ACTIVITY:
Up to and including the line with "using \<open>DI - DO", please set down the entries below exactly, starting from the first line.

(Collected data entries)
lemma cone_of_basic_inequality:
  fixes DI DO m lam c :: real
  assumes "m > 0" "c > 1" "lam \<ge> (c + 1) / (c - 1) * m" "DO \<ge> 0"
    and basic: "lam * (DI - DO) \<le> m * (DI + DO)"
  shows "DI \<le> c * DO"
proof (rule ccontr)
  assume "\<not> DI \<le> c * DO"
  hence "DI > c * DO" by simp
  moreover have "DO \<le> c * DO" using assms(2,4) by (simp add: mult_le_cancel_right1)
  ultimately have "DI - DO > 0" by linarith
  have "(c + 1) * m \<le> (c - 1) * lam" using assms(2,3) by (simp add: field_simps)
  hence "(c + 1) * m * (DI - DO) \<le> (c - 1) * (lam * (DI - DO))"
    using \<open>DI - DO > 0\<close> by (simp add: mult_right_mono)
  also have "\<dots> \<le> (c - 1) * (m * (DI + DO))" using assms(2) basic by simp
  finally have "m * (DI - c * DO) \<le> 0" by (simp add: algebra_simps)
  thus False using \<open>DI > c * DO\<close> assms(1) by (simp add: mult_le_0_iff)
qed

theorem mainTheorem4:
  fixes X E :: "real^'p^'n" and Sigma S :: "real^'p^'p" and Out :: "'n set"
    and M_E lam c :: real
    and Omega B :: "real^'p^'p" and ThetaStar Xi Eps ThetaHat :: "real^'p^'n"
  assumes Sigma_pd: "pos_def Sigma"
    and E_I: "\<forall>i\<in>-Out. E $ i = 0"
    and S_sqrt: "pos_def S" "S ** S = matrix_inv Sigma"
    and E_bound: "\<forall>i. norm ((E ** S) $ i) \<le> M_E * sqrt (real CARD('p))"
    and Omega_def: "Omega = matrix_inv Sigma"
    and B_def: "B = (\<chi> k j. Omega $ k $ j / Omega $ j $ j)"
    and ThetaStar_def: "ThetaStar = (1 / sqrt (real CARD('n))) *\<^sub>R (E ** B)"
    and Xi_def: "Xi = ((1 / sqrt (real CARD('n))) *\<^sub>R X) ** B - ThetaStar"
    and Eps_def: "Eps = (\<chi> i j. sqrt (real CARD('n)) * sqrt (Omega $ j $ j) * Xi $ i $ j)"
    and ThetaHat_min: "\<forall>Th. objective lam X ThetaHat \<le> objective lam X Th"
    and Z_nonzero: "\<forall>j. Zproj X j (column j Eps) \<noteq> 0"
    and c_gt: "c > 1"
    and lam_ge: "lam \<ge> (c + 1) / (c - 1) *
        Max (range (\<lambda>i. sqrt (\<Sum>j\<in>UNIV.
            (Zproj X j (column j Eps) $ i)\<^sup>2 / (norm (Zproj X j (column j Eps)))\<^sup>2)))"
  shows "norm21 (-Out) (ThetaHat - ThetaStar) \<le> c * norm21 Out (ThetaHat - ThetaStar)"
proof -
  define u where "u j = Zproj X j (column j Xi)" for j
  define a where "a j = sqrt (real CARD('n)) * sqrt (Omega $ j $ j)" for j
  define m where "m = Max (range (\<lambda>i. sqrt (\<Sum>j\<in>UNIV. (u j $ i)\<^sup>2 / (norm (u j))\<^sup>2)))"
  define D where "D = ThetaHat - ThetaStar"
  have "column j Eps = a j *\<^sub>R column j Xi" for j
    by (simp add: a_def Eps_def column_def vec_eq_iff)
  hence Eps_u: "Zproj X j (column j Eps) = a j *\<^sub>R u j" for j
    by (simp add: u_def linear_cmul[OF linear_Zproj])
  hence "a j \<noteq> 0" "u j \<noteq> 0" for j
    using Z_nonzero by auto
  hence a_nonzero: "a j \<noteq> 0" and u_nonzero: "u j \<noteq> 0" and B_diag: "B $ j $ j = 1" for j
    by (auto simp: a_def B_def)
  have noise: "Zproj X j (column j ((1 / sqrt (real CARD('n))) *\<^sub>R X) - column j ThetaStar) = u j"
    for j
    unfolding u_def Xi_def by (rule Zproj_column_matrix_mult_diff[symmetric, OF B_diag])
  have lam_ge_m: "lam \<ge> (c + 1) / (c - 1) * m"
    using lam_ge unfolding Eps_u normalized_rows_scaleR[OF a_nonzero] m_def .
  have m_pos: "m > 0"
    unfolding m_def by (rule Max_normalized_rows_pos[OF u_nonzero])
  hence "lam \<ge> 0"
    using lam_ge_m c_gt by (smt (verit) divide_pos_pos mult_pos_pos)
  moreover have "ThetaStar $ i = 0" if "i \<notin> Out" for i
    using E_I that by (simp add: ThetaStar_def vec_eq_iff matrix_matrix_mult_def)
  ultimately have "lam * (norm21 (-Out) D - norm21 Out D)
      \<le> lam * (norm21 UNIV ThetaHat - norm21 UNIV ThetaStar)"
    unfolding D_def by (intro mult_left_mono norm21_decomposable)
  also have "\<dots> \<le> (\<Sum>j\<in>UNIV. (u j \<bullet> column j D) / norm (u j))"
    unfolding D_def by (rule objective_basic_inequality[OF ThetaHat_min[rule_format] noise u_nonzero])
  also have "\<dots> \<le> m * norm21 UNIV D"
    unfolding m_def by (rule sum_inner_normalized_columns_le)
  also have "\<dots> = m * (norm21 (-Out) D + norm21 Out D)"
    using norm21_split[of D Out] by (simp add: add.commute)
  finally show ?thesis
    unfolding D_def[symmetric] by (rule cone_of_basic_inequality[OF m_pos c_gt lam_ge_m norm21_nonneg])
qed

RESPONSE AREA:
lemma cone_of_basic_inequality:
  fixes DI DO m lam c :: real
  assumes "m > 0" "c > 1" "lam \<ge> (c + 1) / (c - 1) * m" "DO \<ge> 0"
    and basic: "lam * (DI - DO) \<le> m * (DI + DO)"
  shows "DI \<le> c * DO"
proof (rule ccontr)
  assume "\<not> DI \<le> c * DO"
  hence "DI > c * DO" by simp
  moreover have "DO \<le> c * DO" using assms(2,4) by (simp add: mult_le_cancel_right1)
  ultimately have "DI - DO > 0" by linarith
  have "(c + 1) * m \<le> (c - 1) * lam" using assms(2,3) by (simp add: field_simps)
  hence "(c + 1) * m * (DI - DO) \<le> (c - 1) * (lam * (DI - DO))"
    using \<open>DI - DO > 0\<close> by (simp add: mult_right_mono)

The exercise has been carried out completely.